FIG. 2A is an enlarged view of the upstream end of the substrate of the present invention, and FIG. 2B is an enlarged view of the downstream end of the substrate.
3A is an enlarged view of an upstream end of a substrate having a configuration different from that of the present invention, and FIG. 3B is an enlarged view of a downstream end of the substrate having a configuration different from that of the present invention.
FIG. 4A is an end view of a formed body of a honeycomb structure prepared for manufacturing the base material of the present invention, and FIG. 4B is a longitudinal sectional view of the formed body.

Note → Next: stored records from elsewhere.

(* Let $G$ and $H$ be graphs such that the direct product $G\times H$ is a balanced distance magic graph, and let $\ell$ be a balanced distance magic labeling of $G\times H$ in which $(g,h)$ and $(g',h')$ are twins, where $g\neq g'$ and $h\neq h'$. Let $\widehat\ell$ be obtained from $\ell$ by exchanging the labels of $(g',h')$ and $(g',h)$, i.e. $\widehat\ell(g',h)=\ell(g',h')$, $\widehat\ell(g',h')=\ell(g',h)$, and $\widehat\ell(a,b)=\ell(a,b)$ for all other vertices. Then $\widehat\ell$ is a balanced distance magic labeling of $G\times H$ in which $(g,h)$ and $(g',h)$ are twins.
   Context: All graphs are finite and simple. For a graph $G$ and vertex $x$, $N(x)=N_G(x)$ is the (open) neighborhood of $x$. A distance magic labeling of a graph $G$ of order $N$ is a bijection $\ell\colon V(G)\to\{1,\dots,N\}$ for which there is a constant $k$ such that the weight $w(x)=\sum_{y\in N(x)}\ell(y)$ equals $k$ for every $x\in V(G)$. A balanced distance magic labeling of a graph $G$ with an even number $N$ of vertices is a distance magic labeling $\ell$ such that for every $w\in V(G)$: whenever $u\in N(w)$ has $\ell(u)=i$, there is $v\in N(w)$ with $\ell(v)=N+1-i$. Under such $\ell$, the vertices labeled $i$ and $N+1-i$ are called twins (with respect to $\ell$). $G$ is a balanced distance magic graph if it has an even number of vertices and admits a balanced distance magic labeling. The direct product $G\times H$ has vertex set $V(G)\times V(H)$, with $(g,h)$ adjacent to $(g',h')$ iff $gg'\in E(G)$ and $hh'\in E(H)$. *)

theory Defs
  imports Main
begin

definition graph :: "'a set \<Rightarrow> ('a \<Rightarrow> 'a \<Rightarrow> bool) \<Rightarrow> bool" where
  "graph V E \<longleftrightarrow> finite V \<and> (\<forall>x y. E x y \<longrightarrow> x \<in> V \<and> y \<in> V)
     \<and> (\<forall>x y. E x y \<longrightarrow> E y x) \<and> (\<forall>x. \<not> E x x)"

definition nbhd :: "'a set \<Rightarrow> ('a \<Rightarrow> 'a \<Rightarrow> bool) \<Rightarrow> 'a \<Rightarrow> 'a set" where
  "nbhd V E x = {y \<in> V. E x y}"

definition distance_magic_labeling ::
  "'a set \<Rightarrow> ('a \<Rightarrow> 'a \<Rightarrow> bool) \<Rightarrow> ('a \<Rightarrow> nat) \<Rightarrow> bool" where
  "distance_magic_labeling V E l \<longleftrightarrow>
     bij_betw l V {1..card V} \<and> (\<exists>k. \<forall>x\<in>V. (\<Sum>y\<in>nbhd V E x. l y) = k)"

definition balanced_dm_labeling ::
  "'a set \<Rightarrow> ('a \<Rightarrow> 'a \<Rightarrow> bool) \<Rightarrow> ('a \<Rightarrow> nat) \<Rightarrow> bool" where
  "balanced_dm_labeling V E l \<longleftrightarrow> even (card V) \<and> distance_magic_labeling V E l \<and>
     (\<forall>w\<in>V. \<forall>u\<in>nbhd V E w. \<exists>v\<in>nbhd V E w. l v = card V + 1 - l u)"

definition balanced_dm_graph :: "'a set \<Rightarrow> ('a \<Rightarrow> 'a \<Rightarrow> bool) \<Rightarrow> bool" where
  "balanced_dm_graph V E \<longleftrightarrow> even (card V) \<and> (\<exists>l. balanced_dm_labeling V E l)"

definition twins :: "'a set \<Rightarrow> ('a \<Rightarrow> nat) \<Rightarrow> 'a \<Rightarrow> 'a \<Rightarrow> bool" where
  "twins V l x y \<longleftrightarrow> x \<in> V \<and> y \<in> V \<and> l y = card V + 1 - l x"

definition dprod_V :: "'a set \<Rightarrow> 'b set \<Rightarrow> ('a \<times> 'b) set" where
  "dprod_V VG VH = VG \<times> VH"

definition dprod_E :: "('a \<Rightarrow> 'a \<Rightarrow> bool) \<Rightarrow> ('b \<Rightarrow> 'b \<Rightarrow> bool) \<Rightarrow> ('a \<times> 'b) \<Rightarrow> ('a \<times> 'b) \<Rightarrow> bool" where
  "dprod_E EG EH p q \<longleftrightarrow> EG (fst p) (fst q) \<and> EH (snd p) (snd q)"

end

theory Submission
  imports Defs "HOL-Combinatorics.Transposition"
begin

(* In a balanced distance magic labeling, twins have exactly
   the same neighbours: every neighbourhood containing one of them contains its
   complementary label, i.e. the other.  In the direct product G x H this forces
   (g',h) and (g',h') to have the same neighbours as well, provided the graph has
   edges at all (otherwise the magic constant is 0 and all neighbourhoods are
   empty).  Finally, exchanging the labels of two vertices with equal
   neighbourhoods is composing the labeling with a permutation of V fixing every
   neighbourhood setwise, and such a composition preserves being a balanced
   distance magic labeling.  After the exchange, (g',h) carries the old label of
   (g',h'), the twin of (g,h). *)

definition same_nbrs :: "('a \<Rightarrow> 'a \<Rightarrow> bool) \<Rightarrow> 'a \<Rightarrow> 'a \<Rightarrow> bool" where
  "same_nbrs E x y \<longleftrightarrow> (\<forall>w. E w x \<longleftrightarrow> E w y)"

text \<open>Twinship is symmetric, since labels lie in 1..N.\<close>
lemma twins_sym:
  assumes "distance_magic_labeling V E l" and "twins V l x y"
  shows "twins V l y x"
proof -
  have "l x \<in> {1..card V}"
    using assms bij_betwE unfolding distance_magic_labeling_def twins_def by blast
  then show ?thesis using assms(2) unfolding twins_def by auto
qed

lemma twin_in_nbhd:
  assumes bal: "balanced_dm_labeling V E l" and tw: "twins V l x y"
    and w: "w \<in> V" and "E w x"
  shows "E w y"
proof -
  have "x \<in> nbhd V E w" using tw \<open>E w x\<close> by (simp add: nbhd_def twins_def)
  then obtain v where v: "v \<in> nbhd V E w" "l v = card V + 1 - l x"
    using bal w unfolding balanced_dm_labeling_def by blast
  have "inj_on l V"
    using bal unfolding balanced_dm_labeling_def distance_magic_labeling_def bij_betw_def by blast
  moreover have "v \<in> V" "y \<in> V" "l v = l y" using v tw by (auto simp: nbhd_def twins_def)
  ultimately have "v = y" by (simp add: inj_on_eq_iff)
  then show ?thesis using v(1) unfolding nbhd_def by blast
qed

lemma twins_same_nbrs:
  assumes bal: "balanced_dm_labeling V E l" and tw: "twins V l x y"
    and edges: "\<And>u v. E u v \<Longrightarrow> u \<in> V \<and> v \<in> V"
  shows "same_nbrs E x y"
proof -
  have tw': "twins V l y x"
    using twins_sym[OF _ tw] bal unfolding balanced_dm_labeling_def by blast
  have "E w x \<longleftrightarrow> E w y" for w
  proof (cases "w \<in> V")
    case True
    then show ?thesis using twin_in_nbhd[OF bal tw True] twin_in_nbhd[OF bal tw' True] by blast
  next
    case False
    then show ?thesis using edges by blast
  qed
  then show ?thesis unfolding same_nbrs_def by blast
qed

text \<open>With a distance magic labeling, one isolated vertex forces all vertices to be
  isolated: the magic constant is then 0, while every label is positive.\<close>
lemma isolated_vertex_all_isolated:
  assumes dm: "distance_magic_labeling V E l" and "finite V"
    and x: "x \<in> V" "nbhd V E x = {}" and z: "z \<in> V"
  shows "nbhd V E z = {}"
proof (rule ccontr)
  assume "nbhd V E z \<noteq> {}"
  then obtain w where w: "w \<in> nbhd V E z" by blast
  obtain k where k: "\<And>u. u \<in> V \<Longrightarrow> (\<Sum>y\<in>nbhd V E u. l y) = k"
    using dm unfolding distance_magic_labeling_def by blast
  have "k = 0" using k[OF x(1)] x(2) by simp
  moreover have "l w \<le> (\<Sum>y\<in>nbhd V E z. l y)"
    using w \<open>finite V\<close> by (intro member_le_sum) (auto simp: nbhd_def)
  moreover have "l w \<ge> 1"
    using dm w bij_betwE unfolding distance_magic_labeling_def nbhd_def by fastforce
  ultimately show False using k[OF z] by simp
qed

lemma dprod_same_nbrs_shift:
  assumes symG: "\<And>a b. EG a b \<Longrightarrow> EG b a" and symH: "\<And>a b. EH a b \<Longrightarrow> EH b a"
    and same: "same_nbrs (dprod_E EG EH) (g, h) (g', h')"
    and nbr: "dprod_E EG EH (g, h) (c, d)"
  shows "same_nbrs (dprod_E EG EH) (g', h) (g', h')"
proof -
  have same': "EG a g \<and> EH b h \<longleftrightarrow> EG a g' \<and> EH b h'" for a b
    using same unfolding same_nbrs_def dprod_E_def by fastforce
  have "EG a g \<and> EH b h" if "EG a g'" "EH b h" for a b
  proof -
    have "EG c g \<and> EH d h" using nbr symG symH by (auto simp: dprod_E_def)
    then have "EH d h'" using same' by blast
    then have "EG a g" using same' \<open>EG a g'\<close> by blast
    then show ?thesis using \<open>EH b h\<close> by blast
  qed
  then show ?thesis
    using same' unfolding same_nbrs_def dprod_E_def by auto
qed

text \<open>Relabelling along a permutation of V that fixes every neighbourhood setwise
  preserves balanced distance magic labelings: weights are reindexed sums and
  complementary labels are transported along the permutation.\<close>
lemma balanced_dm_labeling_permute:
  assumes bal: "balanced_dm_labeling V E l"
    and perm: "bij_betw \<sigma> V V"
    and fix_nbhd: "\<And>w. w \<in> V \<Longrightarrow> \<sigma> ` nbhd V E w = nbhd V E w"
  shows "balanced_dm_labeling V E (l \<circ> \<sigma>)"
proof -
  have labels: "bij_betw l V {1..card V}"
    using bal unfolding balanced_dm_labeling_def distance_magic_labeling_def by blast
  obtain k where magic: "\<And>x. x \<in> V \<Longrightarrow> (\<Sum>y\<in>nbhd V E x. l y) = k"
    using bal unfolding balanced_dm_labeling_def distance_magic_labeling_def by blast
  have weight: "(\<Sum>z\<in>nbhd V E w. (l \<circ> \<sigma>) z) = (\<Sum>z\<in>nbhd V E w. l z)" if w: "w \<in> V" for w
  proof -
    have "nbhd V E w \<subseteq> V" by (auto simp: nbhd_def)
    then have "inj_on \<sigma> (nbhd V E w)"
      using bij_betw_imp_inj_on[OF perm] inj_on_subset by blast
    then have "(\<Sum>z\<in>nbhd V E w. (l \<circ> \<sigma>) z) = (\<Sum>z\<in>\<sigma> ` nbhd V E w. l z)"
      by (simp add: sum.reindex)
    also have "\<dots> = (\<Sum>z\<in>nbhd V E w. l z)" by (simp only: fix_nbhd[OF w])
    finally show ?thesis .
  qed
  have complement: "\<exists>v\<in>nbhd V E w. (l \<circ> \<sigma>) v = card V + 1 - (l \<circ> \<sigma>) u"
    if w: "w \<in> V" and u: "u \<in> nbhd V E w" for w u
  proof -
    have "\<sigma> u \<in> nbhd V E w" using u fix_nbhd[OF w] by blast
    then obtain v where v: "v \<in> nbhd V E w" "l v = card V + 1 - l (\<sigma> u)"
      using bal w unfolding balanced_dm_labeling_def by blast
    then have "v \<in> \<sigma> ` nbhd V E w" by (simp only: fix_nbhd[OF w])
    then obtain v' where "v' \<in> nbhd V E w" "v = \<sigma> v'" by blast
    then show ?thesis using v(2) by auto
  qed
  have "bij_betw (l \<circ> \<sigma>) V {1..card V}" using bij_betw_trans[OF perm labels] .
  moreover have "\<forall>x\<in>V. (\<Sum>y\<in>nbhd V E x. (l \<circ> \<sigma>) y) = k"
    using weight magic by simp
  ultimately show ?thesis
    using bal complement unfolding balanced_dm_labeling_def distance_magic_labeling_def by blast
qed

lemma balanced_dm_labeling_swap:
  assumes bal: "balanced_dm_labeling V E l" and "p \<in> V" "q \<in> V"
    and same: "same_nbrs E p q"
  shows "balanced_dm_labeling V E (l(p := l q, q := l p))"
proof -
  have "transpose p q ` nbhd V E w = nbhd V E w" for w
    using same \<open>p \<in> V\<close> \<open>q \<in> V\<close> by (intro transpose_image_eq) (auto simp: nbhd_def same_nbrs_def)
  then have "balanced_dm_labeling V E (l \<circ> transpose p q)"
    using bal \<open>p \<in> V\<close> \<open>q \<in> V\<close> by (intro balanced_dm_labeling_permute) auto
  then show ?thesis by (simp add: Fun.swap_def)
qed

theorem lemma1:
  fixes VG :: "'a set" and EG :: "'a \<Rightarrow> 'a \<Rightarrow> bool"
    and VH :: "'b set" and EH :: "'b \<Rightarrow> 'b \<Rightarrow> bool"
    and l :: "'a \<times> 'b \<Rightarrow> nat"
  assumes "graph VG EG" and "graph VH EH"
    and "balanced_dm_graph (dprod_V VG VH) (dprod_E EG EH)"
    and "balanced_dm_labeling (dprod_V VG VH) (dprod_E EG EH) l"
    and "twins (dprod_V VG VH) l (g, h) (g', h')"
    and "g \<noteq> g'" and "h \<noteq> h'"
  shows "balanced_dm_labeling (dprod_V VG VH) (dprod_E EG EH)
           (l((g', h) := l (g', h'), (g', h') := l (g', h)))
       \<and> twins (dprod_V VG VH) (l((g', h) := l (g', h'), (g', h') := l (g', h))) (g, h) (g', h)"
proof -
  let ?V = "dprod_V VG VH" and ?E = "dprod_E EG EH"
  have G: "finite VG" "\<And>a b. EG a b \<Longrightarrow> a \<in> VG \<and> b \<in> VG" "\<And>a b. EG a b \<Longrightarrow> EG b a"
    using assms(1) unfolding graph_def by auto
  have H: "finite VH" "\<And>a b. EH a b \<Longrightarrow> a \<in> VH \<and> b \<in> VH" "\<And>a b. EH a b \<Longrightarrow> EH b a"
    using assms(2) unfolding graph_def by auto
  have edges: "\<And>u v. ?E u v \<Longrightarrow> u \<in> ?V \<and> v \<in> ?V"
    using G(2) H(2) by (auto simp: dprod_E_def dprod_V_def mem_Times_iff)
  have in_V: "(g, h) \<in> ?V" "(g', h) \<in> ?V" "(g', h') \<in> ?V"
    using assms(5) by (auto simp: twins_def dprod_V_def)
  have same: "same_nbrs ?E (g, h) (g', h')"
    using twins_same_nbrs[OF assms(4,5) edges] .
  have "same_nbrs ?E (g', h) (g', h')"
  proof (cases "nbhd ?V ?E (g, h) = {}")
    case True
    moreover have "distance_magic_labeling ?V ?E l" "finite ?V"
      using assms(4) G(1) H(1) by (auto simp: balanced_dm_labeling_def dprod_V_def)
    ultimately have "nbhd ?V ?E u = {}" if "u \<in> ?V" for u
      using isolated_vertex_all_isolated in_V(1) that by metis
    then show ?thesis using edges unfolding same_nbrs_def nbhd_def by blast
  next
    case False
    then obtain c d where "?E (g, h) (c, d)" by (auto simp: nbhd_def)
    then show ?thesis using dprod_same_nbrs_shift G(3) H(3) same by metis
  qed
  then have "balanced_dm_labeling ?V ?E (l((g', h) := l (g', h'), (g', h') := l (g', h)))"
    using balanced_dm_labeling_swap[OF assms(4) in_V(2,3)] by blast
  moreover have "twins ?V (l((g', h) := l (g', h'), (g', h') := l (g', h))) (g, h) (g', h)"
    using assms(5,6) in_V(2) by (simp add: twins_def)
  ultimately show ?thesis by blast
qed

end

5A is a plan view of a molding tool used in the substrate manufacturing method of the present invention, and FIG. 5B is a perspective view of the molding tool.
FIG. 6 is a view used for explaining the base material manufacturing method of the present invention, and is a view showing an end face of a molded body.
FIG. 7A is a diagram showing a former molding instrument pressing step in the substrate manufacturing method of the present invention, and FIG. 7B is a diagram showing a subsequent molding instrument pressing step.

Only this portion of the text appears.